__WORK REQUIRED__.
Your task is to restate word for word the lines of the listing below that start at the one containing "using assms r(1)" and run to the end; please add nothing.

__MATERIAL FOR THIS TASK__.
lemma eq_\<iota>_if_p_eq:
  assumes "p1 w = j a" "p2 w = j b" "a \<noteq> b"
  shows "w = \<iota> (a, b)"
proof (rule ccontr)
  assume "w \<noteq> \<iota> (a, b)"
  then obtain U W where UW: "open U" "open W" "w \<in> U" "\<iota> (a, b) \<in> W" "U \<inter> W = {}"
    by (metis hausdorff)
  have "open (\<iota> -` W \<inter> Mtilde)"
    using continuous_on_open_vimage[OF open_Mtilde, THEN iffD1, OF continuous_on_\<iota>, rule_format, OF UW(2)] .
  moreover have "(a, b) \<in> \<iota> -` W \<inter> Mtilde"
    using UW(4) assms(3) by (simp add: Mtilde_def)
  ultimately obtain r0 where "0 < r0" "ball a r0 \<times> ball b r0 \<subseteq> \<iota> -` W \<inter> Mtilde"
    by (rule open_prod_contains_balls)
  moreover have "ball a (min 1 r0) \<times> ball b (min 1 r0) \<subseteq> ball a r0 \<times> ball b r0"
    by (intro Sigma_mono) auto
  ultimately obtain r where r: "0 < r" "r \<le> 1" "ball a r \<times> ball b r \<subseteq> \<iota> -` W"
    by (intro that[of "min 1 r0"]) (simp_all, blast)
  have "w \<in> closure W"
  proof (rule mem_closed_by_pair_density[of id, simplified])
    show "open {w. trunc_dist a (p1 w) < r \<and> trunc_dist b (p2 w) < r}"
      by (intro open_Collect_conj open_Collect_less continuous_on_trunc_dist_p continuous_on_const)
    show "w \<in> {w. trunc_dist a (p1 w) < r \<and> trunc_dist b (p2 w) < r}"
      using assms r(1) by (simp add: trunc_dist_j)
    fix x y :: 'a assume "x \<noteq> y" "\<iota> (x, y) \<in> {w. trunc_dist a (p1 w) < r \<and> trunc_dist b (p2 w) < r}"
    then have "trunc_dist a (j x) < r" "trunc_dist b (j y) < r"
      by (simp_all add: p1_\<iota> p2_\<iota>)
    then have "dist x a < r" "dist y b < r"
      using r(2) dist_less_if_trunc_dist_less by blast+
    then have "(x, y) \<in> ball a r \<times> ball b r"
      by (simp add: dist_commute)
    then have "\<iota> (x, y) \<in> W"
      using r(3) by blast
    then show "\<iota> (x, y) \<in> closure W"
      using closure_subset by blast
  qed simp
  then show False
    using UW(1,3,5) open_Int_closure_eq_empty by blast
qed

lemma \<iota>_Mtilde_eq: "\<iota> ` Mtilde = R_set \<inter> - dd -` {0} \<inter> pM_set"
proof (intro antisym subsetI)
  fix w assume "w \<in> \<iota> ` Mtilde"
  then obtain x y where "x \<noteq> y" "w = \<iota> (x, y)"
    unfolding Mtilde_def by auto
  then show "w \<in> R_set \<inter> - dd -` {0} \<inter> pM_set"
    by (simp add: R_set_def pM_set_def p1_\<iota> p2_\<iota> d0_j dd_\<iota>)
next
  fix w assume w: "w \<in> R_set \<inter> - dd -` {0} \<inter> pM_set"
  then obtain a b where ab: "p1 w = j a" "p2 w = j b"
    unfolding pM_set_def by blast
  moreover have "dd w \<noteq> 0"
    using w by simp
  ultimately have "a \<noteq> b"
    using dd_eq_0_if_p_eq by metis
  then show "w \<in> \<iota> ` Mtilde"
    using eq_\<iota>_if_p_eq[OF ab] by (auto simp: Mtilde_def)
qed

end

__REPLY__.
      using assms r(1) by (simp add: trunc_dist_j)
    fix x y :: 'a assume "x \<noteq> y" "\<iota> (x, y) \<in> {w. trunc_dist a (p1 w) < r \<and> trunc_dist b (p2 w) < r}"
    then have "trunc_dist a (j x) < r" "trunc_dist b (j y) < r"
      by (simp_all add: p1_\<iota> p2_\<iota>)
    then have "dist x a < r" "dist y b < r"
      using r(2) dist_less_if_trunc_dist_less by blast+
    then have "(x, y) \<in> ball a r \<times> ball b r"
      by (simp add: dist_commute)
    then have "\<iota> (x, y) \<in> W"
      using r(3) by blast
    then show "\<iota> (x, y) \<in> closure W"
      using closure_subset by blast
  qed simp
  then show False
    using UW(1,3,5) open_Int_closure_eq_empty by blast
qed

lemma \<iota>_Mtilde_eq: "\<iota> ` Mtilde = R_set \<inter> - dd -` {0} \<inter> pM_set"
proof (intro antisym subsetI)
  fix w assume "w \<in> \<iota> ` Mtilde"
  then obtain x y where "x \<noteq> y" "w = \<iota> (x, y)"
    unfolding Mtilde_def by auto
  then show "w \<in> R_set \<inter> - dd -` {0} \<inter> pM_set"
    by (simp add: R_set_def pM_set_def p1_\<iota> p2_\<iota> d0_j dd_\<iota>)
next
  fix w assume w: "w \<in> R_set \<inter> - dd -` {0} \<inter> pM_set"
  then obtain a b where ab: "p1 w = j a" "p2 w = j b"
    unfolding pM_set_def by blast
  moreover have "dd w \<noteq> 0"
    using w by simp
  ultimately have "a \<noteq> b"
    using dd_eq_0_if_p_eq by metis
  then show "w \<in> \<iota> ` Mtilde"
    using eq_\<iota>_if_p_eq[OF ab] by (auto simp: Mtilde_def)
qed

end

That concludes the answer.